Ghidra is an open source reverse engineering tool developed by the National Security Agency, which we frequently use for static malware analysis. It is possible to create custom scripts and plugins for Ghidra to provide specific functionalities that researchers need. We used this feature of Ghidra and created custom scripts to aid our Go binary analysis.
The topics discussed in this article were presented at the Hacktivity2020 online conference. The slides and other materials are available in our Github repository.
Lost Function Names in Stripped Binaries
The first issue is not specific to Go binaries, but stripped binaries in general. Compiled executable files can contain debug symbols which make debugging and analysis easier. When analysts reverse engineer a program that was compiled with debugging information, they can see not only memory addresses, but also the names of the routines and variables. However, malware authors usually compile files without this information, creating so-called stripped binaries. They do this to reduce the size of the file and make reverse engineering more difficult. When working with stripped binaries, analysts cannot rely on the function names to help them find their way around the code. With statically linked Go binaries, where all the necessary libraries are included, the analysis can slow down significantly.
To illustrate this issue, we used simple “Hello Hacktivity” examples written in C and Go for comparison and compiled them to stripped binaries.
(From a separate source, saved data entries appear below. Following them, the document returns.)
lemma slope:
  assumes fin: "finite S" and ne: "S \<noteq> {}" and pos: "0 \<notin> S"
  shows Max_minus_slope_notin: "Max S - slope S \<notin> S"
    and Max_minus_in_if_less_slope: "k < slope S \<Longrightarrow> Max S - k \<in> S"
    and slope_pos: "0 < slope S"
proof -
  have ex: "\<exists>k. Max S - k \<notin> S"
    using pos by (intro exI[of _ "Max S"]) simp
  show gap: "Max S - slope S \<notin> S"
    unfolding slope_def by (rule LeastI_ex[OF ex])
  show "k < slope S \<Longrightarrow> Max S - k \<in> S"
    unfolding slope_def using not_less_Least by blast
  show "0 < slope S"
    using gap fin ne by (intro gr0I) simp
qed

lemma slope_eqI:
  assumes "\<And>k. k < s \<Longrightarrow> Max S - k \<in> S" and "Max S - s \<notin> S"
  shows "slope S = s"
  unfolding slope_def by (rule Least_equality) (use assms in \<open>auto simp: not_le[symmetric]\<close>)

definition pentagon_minus :: "nat \<Rightarrow> nat set" where
  "pentagon_minus s = {s..<2 * s}"

definition pentagon_plus :: "nat \<Rightarrow> nat set" where
  "pentagon_plus s = {s + 1..2 * s}"

lemma card_pentagon_minus: "card (pentagon_minus s) = s"
  by (simp add: pentagon_minus_def)

lemma card_pentagon_plus: "card (pentagon_plus s) = s"
  by (simp add: pentagon_plus_def)

lemma sum_pentagon_minus: "2 * \<Sum>(pentagon_minus s) = s * (3 * s - 1)"
  unfolding pentagon_minus_def by (simp add: Sum_Ico_nat algebra_simps)

lemma sum_pentagon_plus: "2 * \<Sum>(pentagon_plus s) = s * (3 * s + 1)"
  unfolding pentagon_plus_def by (simp add: Sum_Icc_nat algebra_simps)

lemma pentagon_minus_ne_plus:
  assumes "0 < s'"
  shows "pentagon_minus s \<noteq> pentagon_plus s'"
proof
  assume eq: "pentagon_minus s = pentagon_plus s'"
  then have "s = s'"
    by (metis card_pentagon_minus card_pentagon_plus)
  moreover have "s' \<in> pentagon_minus s'" "s' \<notin> pentagon_plus s'"
    using assms by (simp_all add: pentagon_minus_def pentagon_plus_def)
  ultimately show False
    using eq by simp
qed

lemma int_sum_pentagon_minus: "int (\<Sum>(pentagon_minus s)) = int s * (3 * int s - 1) div 2"
proof -
  have "2 * int (\<Sum>(pentagon_minus s)) = int s * (3 * int s - 1)"
    using arg_cong[OF sum_pentagon_minus[of s], of int] by (cases "s = 0") (simp_all add: of_nat_diff)
  then show ?thesis
    by simp
qed

lemma int_sum_pentagon_plus: "int (\<Sum>(pentagon_plus s)) = int s * (3 * int s + 1) div 2"
proof -
  have "2 * int (\<Sum>(pentagon_plus s)) = int s * (3 * int s + 1)"
    using arg_cong[OF sum_pentagon_plus[of s], of int] by (simp add: algebra_simps)
  then show ?thesis
    by simp
qed

\<comment> \<open>For a smallest part \<open>b\<close> at most the slope: remove it and add 1 to each of the \<open>b\<close> largest
  parts. As these form a run, only the two ends of the run change.\<close>
definition franklin_raise :: "nat set \<Rightarrow> nat set" where
  "franklin_raise S = insert (Max S + 1) (S - {Min S, Max S - Min S + 1})"

\<comment> \<open>Otherwise: subtract 1 from each part of the top run and add its length as a new part.\<close>
definition franklin_lower :: "nat set \<Rightarrow> nat set" where
  "franklin_lower S = insert (Max S - slope S) (insert (slope S) (S - {Max S}))"

definition franklin :: "nat set \<Rightarrow> nat set" where
  "franklin S =
    (if S = {} then S
     else if Min S \<le> slope S then
       (if Min S = Max S - Min S + 1 then S else franklin_raise S)
     else if S = pentagon_plus (slope S) then S else franklin_lower S)"

context
  fixes S :: "nat set"
  assumes fin: "finite S" and ne: "S \<noteq> {}" and pos: "0 \<notin> S"
begin

lemma top_run_if_small_base:
  assumes "Min S \<le> slope S"
  shows "{Max S - Min S + 1..Max S} \<subseteq> S"
proof
  fix y assume "y \<in> {Max S - Min S + 1..Max S}"
  then show "y \<in> S"
    using Max_minus_in_if_less_slope[OF fin ne pos, of "Max S - y"] assms by auto
qed

lemma pentagon_minus_if_exceptional:
  assumes "Min S \<le> slope S" and "Min S = Max S - Min S + 1"
  shows "S = pentagon_minus (Min S)"
proof
  have "pentagon_minus (Min S) = {Max S - Min S + 1..Max S}"
    using assms(2) Min_le[OF fin Max_in[OF fin ne]] by (auto simp: pentagon_minus_def)
  then show "pentagon_minus (Min S) \<subseteq> S"
    using top_run_if_small_base[OF assms(1)] by simp
  show "S \<subseteq> pentagon_minus (Min S)"
  proof
    fix y assume "y \<in> S"
    then show "y \<in> pentagon_minus (Min S)"
      using assms(2) Min_le[OF fin] Max_ge[OF fin] by (fastforce simp: pentagon_minus_def)
  qed
qed

lemma franklin_raise_pivot:
  assumes "Min S \<le> slope S" and "Min S \<noteq> Max S - Min S + 1"
  shows "0 < Min S" and "Max S - Min S + 1 \<in> S" and "Min S < Max S - Min S + 1"
proof -
  show "0 < Min S"
    using fin ne pos by (metis Min_in gr0I)
  then have "Max S - Min S + 1 \<in> {Max S - Min S + 1..Max S}"
    using Min_le[OF fin Max_in[OF fin ne]] by auto
  then show c_in: "Max S - Min S + 1 \<in> S"
    using top_run_if_small_base[OF assms(1)] by blast
  show "Min S < Max S - Min S + 1"
    using Min_le[OF fin c_in] assms(2) by simp
qed

lemma franklin_raise_parts:
  assumes small_base: "Min S \<le> slope S" and nex: "Min S \<noteq> Max S - Min S + 1"
  shows finite_franklin_raise: "finite (franklin_raise S)"
    and zero_notin_franklin_raise: "0 \<notin> franklin_raise S"
    and sum_franklin_raise: "\<Sum>(franklin_raise S) = \<Sum>S"
proof -
  define b where "b = Min S"
  define c where "c = Max S - b + 1"
  have bS: "b \<in> S"
    using fin ne by (simp add: b_def)
  moreover have "b \<le> Max S" and "Max S + 1 \<notin> S"
    using Max_ge[OF fin] bS by fastforce+
  moreover have "c \<in> S" and "b < c"
    using franklin_raise_pivot[OF small_base nex] by (simp_all add: b_def c_def)
  moreover have "franklin_raise S = insert (Max S + 1) (S - {b, c})"
    by (simp add: franklin_raise_def b_def c_def)
  ultimately show "finite (franklin_raise S)" "0 \<notin> franklin_raise S" "\<Sum>(franklin_raise S) = \<Sum>S"
    using fin pos by (simp_all add: sum.remove[of S b] sum.remove[of "S - {b}" c]
        Diff_insert2[symmetric] insert_commute c_def)
qed

lemma franklin_raise_shape:
  assumes small_base: "Min S \<le> slope S" and nex: "Min S \<noteq> Max S - Min S + 1"
  shows Max_franklin_raise: "Max (franklin_raise S) = Max S + 1"
    and slope_franklin_raise: "slope (franklin_raise S) = Min S"
    and Min_franklin_raise: "Min S < Min (franklin_raise S)"
proof -
  define b where "b = Min S"
  define M where "M = Max S"
  define c where "c = M - b + 1"
  define R where "R = franklin_raise S"
  have bS: "b \<in> S" and bound: "\<And>y. y \<in> S \<Longrightarrow> b \<le> y \<and> y \<le> M"
    using fin ne by (auto simp: b_def M_def)
  have b_pos: "0 < b" and b_less_c: "b < c"
    using franklin_raise_pivot[OF small_base nex] by (simp_all add: b_def c_def M_def)
  have R: "R = insert (M + 1) (S - {b, c})"
    by (simp add: R_def franklin_raise_def b_def c_def M_def)
  have Max_R: "Max R = M + 1"
    using fin bound by (intro Max_eqI) (auto simp: R le_SucI)
  then show "Max (franklin_raise S) = Max S + 1"
    by (simp add: R_def M_def)
  have "slope R = b"
  proof (rule slope_eqI)
    fix k assume "k < b"
    then show "Max R - k \<in> R"
      unfolding Max_R using Max_minus_in_if_less_slope[OF fin ne pos, of "k - 1"] small_base b_less_c
      by (cases k) (auto simp: R b_def c_def M_def)
  next
    show "Max R - b \<notin> R"
      unfolding Max_R using b_pos bound[OF bS] by (auto simp: R c_def)
  qed
  then show "slope (franklin_raise S) = Min S"
    by (simp add: R_def b_def)
  have "b < Min R"
    using fin bound[OF bS] bound b_less_c by (subst Min_gr_iff) (auto simp: R order_le_less)
  then show "Min S < Min (franklin_raise S)"
    by (simp add: R_def b_def)
qed

lemma franklin_franklin_raise:
  assumes small_base: "Min S \<le> slope S" and nex: "Min S \<noteq> Max S - Min S + 1"
  shows "franklin (franklin_raise S) = S"
proof -
  define b where "b = Min S"
  define M where "M = Max S"
  define R where "R = franklin_raise S"
  note shape = franklin_raise_shape[OF small_base nex, folded R_def b_def M_def]
  have "b \<in> S"
    using fin ne by (simp add: b_def)
  have pivot: "0 < b" "M - b + 1 \<in> S" "b < M - b + 1"
    using franklin_raise_pivot[OF small_base nex] by (simp_all add: b_def M_def)
  have "R \<noteq> pentagon_plus b"
  proof
    assume "R = pentagon_plus b"
    then have "Max R = 2 * b"
      using pivot by (auto simp: pentagon_plus_def intro!: Max_eqI)
    then show False
      using pivot shape(1) by simp
  qed
  moreover have "franklin_lower R = S"
  proof -
    have "M + 1 \<notin> S"
      using Max_ge[OF fin] by (fastforce simp: M_def)
    then have "R - {M + 1} = S - {b, M - b + 1}"
      by (auto simp: R_def franklin_raise_def b_def M_def)
    moreover have "M + 1 - b = M - b + 1"
      using pivot by simp
    ultimately show ?thesis
      unfolding franklin_lower_def shape(1,2) using pivot \<open>b \<in> S\<close> by auto
  qed
  moreover have "R \<noteq> {}"
    by (simp add: R_def franklin_raise_def)
  ultimately show ?thesis
    unfolding R_def[symmetric] franklin_def using shape(2,3) by auto
qed

lemma slope_less_Max_minus_slope:
  assumes large_base: "slope S < Min S" and nex: "S \<noteq> pentagon_plus (slope S)"
  shows "slope S < Max S - slope S"
proof -
  define s where "s = slope S"
  define M where "M = Max S"
  have bound: "\<And>y. y \<in> S \<Longrightarrow> s < y \<and> y \<le> M"
    using fin ne large_base unfolding s_def M_def by (auto intro: less_le_trans)
  have nex': "S \<noteq> {s + 1..2 * s}"
    using nex by (simp add: pentagon_plus_def s_def)
  have top_run: "{M - s + 1..M} \<subseteq> S"
  proof
    fix y assume "y \<in> {M - s + 1..M}"
    then show "y \<in> S"
      using Max_minus_in_if_less_slope[OF fin ne pos, of "M - y"] by (auto simp: s_def M_def)
  qed
  have "s < M - s"
  proof (cases "S = {M - s + 1..M}")
    case True
    have "s \<le> M"
      using bound[OF Max_in[OF fin ne]] by (simp add: M_def)
    then have "Min S = M - s + 1"
      unfolding True using slope_pos[OF fin ne pos] by (auto simp: s_def[symmetric] intro!: Min_eqI)
    moreover have "M - s \<noteq> s"
      using True nex' by (auto simp: mult_2)
    ultimately show ?thesis
      using large_base by (simp add: s_def)
  next
    case False
    then obtain y where "y \<in> S" "y \<notin> {M - s + 1..M}"
      using top_run by blast
    then show ?thesis
      using bound[of y] Max_minus_slope_notin[OF fin ne pos] by (cases "y = M - s") (auto simp: s_def M_def)
  qed
  then show ?thesis
    by (simp add: s_def M_def)
qed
Note the size difference between the two executables.
Ghidra’s Functions window lists all functions defined within the binaries. In the non-stripped versions function names are nicely visible and are of great help for reverse engineers.
The function lists for stripped binaries look like the following:
These examples neatly show that even a simple “hello world” Go binary is huge, having more than a thousand functions. And in the stripped version reverse engineers cannot rely on the function names to aid their analysis.
Note: Due to stripping, not only did the function names disappear, but Ghidra also recognized only 1,139 functions of the 1,790 defined functions.
We were interested in whether there was a way to recover the function names within stripped binaries. First, we ran a simple string search to check if the function names were still available within the binaries. In the C example we looked for the function “main”, while in the Go example it was “main.main”.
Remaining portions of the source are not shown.